# Easter chick



## aprilraven (Apr 1, 2006)

saturday, me and anicole were out traipsing around, and while we stopped at this park, there were tons of parents and grand parents out taking shots of all their kids dressed in their Easter best for a picture....

while we wandered around...there was this one little girl that was so pretty..and she was hanging around behind me and pallie...

her momma was taking other shots, so i asked if i could take her pic...she said yes, and her mom shook her head yes...and i put her over to this window...her little earrings make her look older..and she was wanting to seem older...i asked her if she models all the time...she giggled and blushed... i couldnt resist snapping her pic..she stood just perfect, and all i did was tilt her head some... she is just beautiful...and alas... i did not get her name or address...so i can't show her how great she looked...i wasnt very sure it would turn out...but i think its pretty good...i wish i had the bug to take pics when my son was young... so many memories lost that you photographers with your children get to capture... 







thanks for your comments. i'm not very good at
portraits... i think there is a knack to it...


----------



## Karalee (Apr 2, 2006)

I think that parent might be a bit mad if you show her this anyway.... its probably better than anything she took that day 

way to go!


----------



## Arch (Apr 2, 2006)

very cute, well taken raven :thumbup: ...... question tho, how come she didn't run away with you and anicole stalking her


----------



## Alison (Apr 2, 2006)

Really great use of the light.
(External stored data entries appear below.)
lemma resolvent_between:
  assumes "\<tau>1 \<in> resolvent" "\<tau>2 \<in> resolvent" "\<tau>1 \<le> \<tau>" "\<tau> \<le> \<tau>2"
    and dims: "dim (wt.bounded_orbits \<tau>1) = dim (wt.bounded_orbits \<tau>2)"
  shows "\<tau> \<in> resolvent"
proof -
  obtain P1 C1 l1 P2 C2 l2 where dich1: "poly_dichotomy (weighted \<tau>1 W) N P1 C1 l1"
    and dich2: "poly_dichotomy (weighted \<tau>2 W) N P2 C2 l2"
    using assms(1,2) unfolding resolvent_iff by blast
  have "wt.bounded_orbits \<tau>1 = wt.bounded_orbits \<tau>2"
  proof (rule subspace_dim_equal)
    show "subspace (wt.bounded_orbits \<tau>1)" "subspace (wt.bounded_orbits \<tau>2)"
      unfolding wt.bounded_orbits_eq_range[OF dich1] wt.bounded_orbits_eq_range[OF dich2]
      by (intro linear_subspace_image matrix_vector_mul_linear subspace_UNIV)+
    show "wt.bounded_orbits \<tau>1 \<subseteq> wt.bounded_orbits \<tau>2"
      using bounded_orbits_mono assms(3,4) by simp
  qed (use dims in simp)
  then have "range (\<lambda>y. P1 1 *v y) = range (\<lambda>y. P2 1 *v y)"
    unfolding wt.bounded_orbits_eq_range[OF dich1] wt.bounded_orbits_eq_range[OF dich2] .
  then show "\<tau> \<in> resolvent"
    using poly_dichotomy_between[OF dich1 dich2] assms(3,4) resolvent_iff by blast
qed

lemma spectral_levels_resolvent:
  "spectral_levels resolvent (\<lambda>\<tau>. dim (wt.bounded_orbits \<tau>)) CARD('n) b"
proof
  show "mono (\<lambda>\<tau>. dim (wt.bounded_orbits \<tau>))"
    by (intro monoI dim_subset bounded_orbits_mono)
next
  fix \<tau> assume "b < \<tau>"
  then have dich: "poly_dichotomy (weighted \<tau> W) N (\<lambda>_. mat 1) K (\<tau> - b)"
    by (rule poly_dichotomy_above)
  moreover have "wt.bounded_orbits \<tau> = UNIV"
    unfolding wt.bounded_orbits_eq_range[OF dich] by simp
  ultimately show "\<tau> \<in> resolvent \<and> dim (wt.bounded_orbits \<tau>) = CARD('n)"
    unfolding resolvent_iff by auto
next
  fix \<tau> assume "\<tau> < - b"
  then have dich: "poly_dichotomy (weighted \<tau> W) N (\<lambda>_. 0) K (- b - \<tau>)"
    by (rule poly_dichotomy_below)
  moreover have "wt.bounded_orbits \<tau> = {0}"
    unfolding wt.bounded_orbits_eq_range[OF dich] by auto
  ultimately show "\<tau> \<in> resolvent \<and> dim (wt.bounded_orbits \<tau>) = 0"
    unfolding resolvent_iff by auto
qed (auto intro: resolvent_locally_const resolvent_between)

end
lemma Fell_subbasis_countable_refinement:
  assumes lc: "locally_compact_space (euclidean :: 'l::{t2_space, second_countable_topology} topology)"
  obtains S' :: "(real \<times> 'l::{t2_space, second_countable_topology}) set set set"
  where "countable S'" "S' \<subseteq> sigma_sets (closed_subsets t) (miss_sets t)"
    and "\<And>s F. s \<in> Fell_subbasis t \<Longrightarrow> F \<in> s \<Longrightarrow> \<exists>s'\<in>S'. F \<in> s' \<and> s' \<subseteq> s"
proof -
  obtain B :: "(real \<times> 'l) set set"
    where B: "countable B" "\<And>b. b \<in> B \<Longrightarrow> open b \<and> compact (closure b)"
      and B_nhds: "\<And>U x. open U \<Longrightarrow> x \<in> U \<Longrightarrow> \<exists>b\<in>B. x \<in> b \<and> closure b \<subseteq> U"
    using countable_basis_compact_closure[OF locally_compact_space_euclidean_real_prod[OF lc]]
    by blast
  define S' where "S' = (\<lambda>\<F>. miss t (\<Union>(closure ` \<F>))) ` {\<F>. finite \<F> \<and> \<F> \<subseteq> B}
    \<union> (\<lambda>b. hit t (strip t \<inter> b)) ` B"
  have "countable S'"
    unfolding S'_def using B(1) by (intro countable_Un countable_image countable_Collect_finite_subset)
  moreover have "S' \<subseteq> sigma_sets (closed_subsets t) (miss_sets t)"
  proof -
    have "miss t (\<Union>(closure ` \<F>)) \<in> sigma_sets (closed_subsets t) (miss_sets t)"
      if "finite \<F>" "\<F> \<subseteq> B" for \<F>
      using that B(2) by (intro sigma_sets.Basic miss_in_miss_sets compact_Union) auto
    moreover have "hit t (strip t \<inter> b) \<in> sigma_sets (closed_subsets t) (miss_sets t)"
      if "b \<in> B" for b
      using that B(2) by (intro hit_in_sigma_miss_sets[OF lc closed_strip]) auto
    ultimately show ?thesis
      unfolding S'_def by blast
  qed
  moreover have "\<exists>s'\<in>S'. F \<in> s' \<and> s' \<subseteq> s" if s: "s \<in> Fell_subbasis t" and F: "F \<in> s" for s F
  proof -
    consider (miss) K where "compact K" "s = miss t K"
      | (hit) U where "open U" "s = hit t (strip t \<inter> U)"
      using s unfolding Fell_subbasis_def miss_sets_def by blast
    then show ?thesis
    proof cases
      case miss
      from F have "F \<in> miss t K"
        unfolding miss(2) .
      with miss(1) obtain \<F> where "finite \<F>" "\<F> \<subseteq> B" "F \<in> miss t (\<Union>(closure ` \<F>))"
        and "miss t (\<Union>(closure ` \<F>)) \<subseteq> s"
        using miss_refinement[of B, OF _ B_nhds] B(2) unfolding miss(2) by metis
      moreover from this(1,2) have "miss t (\<Union>(closure ` \<F>)) \<in> S'"
        unfolding S'_def by blast
      ultimately show ?thesis
        by blast
    next
      case hit
      then obtain x where x: "x \<in> F" "x \<in> strip t" "x \<in> U"
        using F unfolding hit(2) hit_def by blast
      then obtain b where b: "b \<in> B" "x \<in> b" "closure b \<subseteq> U"
        using B_nhds[OF hit(1)] by blast
      have "F \<in> hit t (strip t \<inter> b)"
        using F x b(2) unfolding hit(2) hit_def by blast
      moreover have "hit t (strip t \<inter> b) \<subseteq> s"
        using b(3) closure_subset unfolding hit(2) hit_def by blast
      moreover have "hit t (strip t \<inter> b) \<in> S'"
        using b(1) unfolding S'_def by blast
      ultimately show ?thesis
        by blast
    qed
  qed
  ultimately show ?thesis
    using that by blast
qed

theorem sets_Cspace_eq_sigma_miss_sets:
  assumes lc: "locally_compact_space (euclidean :: 'l::{t2_space, second_countable_topology} topology)"
  shows "sets (Cspace t) = sigma_sets (closed_subsets t) (miss_sets t :: (real \<times> 'l) set set set)"
proof
  obtain S' :: "(real \<times> 'l) set set set"
    where S': "countable S'" "S' \<subseteq> sigma_sets (closed_subsets t) (miss_sets t)"
      "\<And>s F. s \<in> Fell_subbasis t \<Longrightarrow> F \<in> s \<Longrightarrow> \<exists>s'\<in>S'. F \<in> s' \<and> s' \<subseteq> s"
    using Fell_subbasis_countable_refinement[OF lc] by blast
  have "U \<in> sigma_sets (closed_subsets t) (miss_sets t)"
    if "openin (Fell_topology t) U" for U :: "(real \<times> 'l) set set"
    using that unfolding Fell_topology_eq
    by (rule openin_topology_generated_by_in_sigma_sets[OF _ S'(1,2) miss_sets_subset_Pow S'(3)])
  then show "sets (Cspace t :: (real \<times> 'l) set measure) \<subseteq> sigma_sets (closed_subsets t) (miss_sets t)"
    unfolding sets_Cspace by (intro sigma_sets_mono) auto
  show "sigma_sets (closed_subsets t) (miss_sets t) \<subseteq> sets (Cspace t :: (real \<times> 'l) set measure)"
    unfolding sets_Cspace miss_sets_def
    by (intro sigma_sets_mono') (auto intro: openin_Fell_topology_miss)
qed

lemma measurable_CspaceI:
  fixes f :: "'a \<Rightarrow> (real \<times> 'l::{t2_space, second_countable_topology}) set"
  assumes lc: "locally_compact_space (euclidean :: 'l topology)"
    and "f \<in> space M \<rightarrow> closed_subsets t"
    and "\<And>K. compact K \<Longrightarrow> K \<subseteq> strip t \<Longrightarrow> {x \<in> space M. f x \<inter> K = {}} \<in> sets M"
  shows "f \<in> measurable M (Cspace t)"
proof (rule measurable_sigma_sets[OF sets_Cspace_eq_sigma_miss_sets[OF lc] miss_sets_subset_Pow])
  show "f \<in> space M \<rightarrow> closed_subsets t"
    by fact
  fix y :: "(real \<times> 'l) set set" assume "y \<in> miss_sets t"
  then obtain K where "compact K" "K \<subseteq> strip t" "y = miss t K"
    unfolding miss_sets_def by blast
  moreover have "f -` miss t K \<inter> space M = {x \<in> space M. f x \<inter> K = {}}"
    using assms(2) unfolding miss_def by auto
  ultimately show "f -` y \<inter> space M \<in> sets M"
    using assms(3) by simp
qed

lemma hit_in_sets_Cspace:
  assumes lc: "locally_compact_space (euclidean :: 'l::{t2_space, second_countable_topology} topology)"
    and "closed E"
  shows "hit t E \<in> sets (Cspace t :: (real \<times> 'l) set measure)"
  using hit_in_sigma_miss_sets[OF lc assms(2) open_UNIV, of t]
  by (simp add: sets_Cspace_eq_sigma_miss_sets[OF lc])

section \<open>Concatenation and restriction\<close>

definition time_shift :: "real \<Rightarrow> real \<times> 'l \<Rightarrow> real \<times> 'l" where
  "time_shift a p = (fst p + a, snd p)"

lemma continuous_on_time_shift: "continuous_on S (time_shift a :: real \<times> 'l::topological_space \<Rightarrow> _)"
  unfolding time_shift_def by (intro continuous_intros)
lemma pval_sat: "pval (\<lambda>\<psi>. sat M \<psi> w) \<phi> = sat M \<phi> w"
  by (induction \<phi>) auto

lemma
  assumes "playable M" "w \<in> Wo M"
  shows playable_empty_notin: "{} \<notin> Ef M w C"
    and playable_Wo_in: "Wo M \<in> Ef M w C"
    and playable_mono: "X \<in> Ef M w C \<Longrightarrow> X \<subseteq> Y \<Longrightarrow> Y \<subseteq> Wo M \<Longrightarrow> Y \<in> Ef M w C"
    and playable_superadditive: "C \<inter> D = {} \<Longrightarrow> X \<in> Ef M w C \<Longrightarrow> Y \<in> Ef M w D
          \<Longrightarrow> X \<subseteq> Wo M \<Longrightarrow> Y \<subseteq> Wo M \<Longrightarrow> X \<inter> Y \<in> Ef M w (C \<union> D)"
    and playable_N_maximal: "X \<subseteq> Wo M \<Longrightarrow> X \<notin> Ef M w {} \<longleftrightarrow> Wo M - X \<in> Ef M w UNIV"
  using assms unfolding playable_def playable_at_def by (meson order_trans)+

theorem soundness:
  assumes "CLFI \<phi>" and M: "playable M"
  shows "valid_in M \<phi>"
  using assms(1) unfolding valid_in_def
proof (induction rule: CLFI.induct)
  case (taut \<phi>)
  then show ?case using pval_sat unfolding tautology_def by metis
next
  case ax_bot
  show ?case using playable_empty_notin[OF M] by simp
next
  case ax_top
  show ?case using playable_Wo_in[OF M] by simp
next
  case (ax_N \<phi>)
  have "Wo M - truth_set M (Neg \<phi>) = truth_set M \<phi>" by auto
  then show ?case using playable_N_maximal[OF M, of _ "truth_set M (Neg \<phi>)"] by auto
next
  case (ax_mono C \<phi> \<psi>)
  show ?case using playable_mono[OF M, of _ "truth_set M (Conj \<phi> \<psi>)" C "truth_set M \<phi>"] by auto
next
  case (ax_super C1 C2 \<phi>1 \<phi>2)
  have "truth_set M (Conj \<phi>1 \<phi>2) = truth_set M \<phi>1 \<inter> truth_set M \<phi>2" by auto
  with ax_super show ?case
    using playable_superadditive[OF M, of _ C1 C2 "truth_set M \<phi>1" "truth_set M \<phi>2"] by auto
next
  case (ax_FI C \<phi>)
  show ?case by simp
next
  case (mp \<phi> \<psi>)
  then show ?case by simp
next
  case (re \<phi> \<psi> C)
  then have "truth_set M \<phi> = truth_set M \<psi>" by auto
  then show ?case by simp
qed

section \<open>Maximal consistent sets\<close>

primrec conjL :: "'a fm list \<Rightarrow> 'a fm" where
  "conjL [] = Top"
| "conjL (\<phi> # \<phi>s) = Conj \<phi> (conjL \<phi>s)"

lemma pval_derived_connectives [simp]:
  "pval v Top" "\<not> pval v Bot"
  "pval v (Imp \<phi> \<psi>) \<longleftrightarrow> (pval v \<phi> \<longrightarrow> pval v \<psi>)"
  "pval v (Iff \<phi> \<psi>) \<longleftrightarrow> (pval v \<phi> \<longleftrightarrow> pval v \<psi>)"
  by (auto simp: Top_def Bot_def Imp_def Iff_def)

lemma pval_conjL [simp]: "pval v (conjL \<phi>s) \<longleftrightarrow> (\<forall>\<phi>\<in>set \<phi>s. pval v \<phi>)"
  by (induction \<phi>s) auto

lemma CLFI_taut_mp: "CLFI \<phi> \<Longrightarrow> tautology (Imp \<phi> \<psi>) \<Longrightarrow> CLFI \<psi>"
  using CLFI.taut CLFI.mp by blast

lemma CLFI_taut_mp2: "CLFI \<phi> \<Longrightarrow> CLFI \<psi> \<Longrightarrow> tautology (Imp \<phi> (Imp \<psi> \<chi>)) \<Longrightarrow> CLFI \<chi>"
  using CLFI.taut CLFI.mp by blast

lemma CLFI_Top: "CLFI Top"
  by (rule CLFI.taut) (simp add: tautology_def)

definition consistent :: "'a::finite fm set \<Rightarrow> bool" where
  "consistent S \<longleftrightarrow> (\<forall>\<phi>s. set \<phi>s \<subseteq> S \<longrightarrow> \<not> CLFI (Neg (conjL \<phi>s)))"

definition mcs :: "'a::finite fm set \<Rightarrow> bool" where
  "mcs S \<longleftrightarrow> consistent S \<and> (\<forall>\<phi>. \<phi> \<notin> S \<longrightarrow> \<not> consistent (insert \<phi> S))"

lemma inconsistent_insertD:
  assumes "\<not> consistent (insert \<phi> S)"
  obtains \<psi>s where "set \<psi>s \<subseteq> S" "CLFI (Imp (conjL \<psi>s) (Neg \<phi>))"
proof -
  obtain \<phi>s where \<phi>s: "set \<phi>s \<subseteq> insert \<phi> S" "CLFI (Neg (conjL \<phi>s))"
    using assms unfolding consistent_def by blast
  let ?\<psi>s = "filter (\<lambda>\<chi>. \<chi> \<noteq> \<phi>) \<phi>s"
  have "tautology (Imp (Neg (conjL \<phi>s)) (Imp (conjL ?\<psi>s) (Neg \<phi>)))"
    unfolding tautology_def by auto
  then have "CLFI (Imp (conjL ?\<psi>s) (Neg \<phi>))" using CLFI_taut_mp[OF \<phi>s(2)] by blast
  moreover have "set ?\<psi>s \<subseteq> S" using \<phi>s(1) by auto
  ultimately show thesis using that by blast
qed

lemma mcs_derive:
  assumes S: "mcs S" and "set \<phi>s \<subseteq> S" and "CLFI (Imp (conjL \<phi>s) \<psi>)"
  shows "\<psi> \<in> S"
proof (rule ccontr)
  assume "\<psi> \<notin> S"
  then obtain \<chi>s where \<chi>s: "set \<chi>s \<subseteq> S" "CLFI (Imp (conjL \<chi>s) (Neg \<psi>))"
    using S inconsistent_insertD unfolding mcs_def by metis
  have "CLFI (Neg (conjL (\<phi>s @ \<chi>s)))"
    by (rule CLFI_taut_mp2[OF assms(3) \<chi>s(2)]) (auto simp: tautology_def)
  with S \<chi>s(1) assms(2) show False unfolding mcs_def consistent_def by auto
qed

lemma mcs_thm: "mcs S \<Longrightarrow> CLFI \<phi> \<Longrightarrow> \<phi> \<in> S"
  using mcs_derive[of S "[]" \<phi>] CLFI_taut_mp[of \<phi> "Imp Top \<phi>"] by (simp add: tautology_def)

lemma mcs_mp: "mcs S \<Longrightarrow> CLFI (Imp \<phi> \<psi>) \<Longrightarrow> \<phi> \<in> S \<Longrightarrow> \<psi> \<in> S"
  using mcs_derive[of S "[\<phi>]" \<psi>] CLFI_taut_mp[of "Imp \<phi> \<psi>" "Imp (Conj \<phi> Top) \<psi>"]
  by (simp add: tautology_def)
She's a beautiful little girl and you captured her so well :thumbsup:


----------



## Fate (Apr 2, 2006)

Great shot!  nice composure


----------



## Calliope (Apr 3, 2006)

I can't believe I missed this!  That is absolutely beautiful Raven!  Stunning shot!


----------



## Chiller (Apr 3, 2006)

Well, I think you have the "knack" Nance.  This is an amazing photo, of a very pretty girl.  Nicely done


----------



## JonMikal (Apr 3, 2006)

Chiller said:
			
		

> Well, I think you have the "knack" Nance. This is an amazing photo, of a very pretty girl. Nicely done


 
Carl summed it up quite accurately.

:hail:  for your portrait abilities


----------



## aprilraven (Apr 4, 2006)

oh my gosh, its finally happened.... all my dark side buddies have hit the sauce at the same time...and they are all smashed...ya'll must be in the dungeon again, partying with out me....

thanks ya'll.... its just that the girl is so pretty, she makes the shot...

( another bowy guy from jm.....i'm getting all cocky now..)


----------



## Antarctican (Apr 4, 2006)

(Almost missed this)

Sweet shot Aprilraven. Geez, you do it all: birds, landscape, portraits, and cems. :hail:


----------



## Mansi (Apr 6, 2006)

beautiful shot raven! love it


----------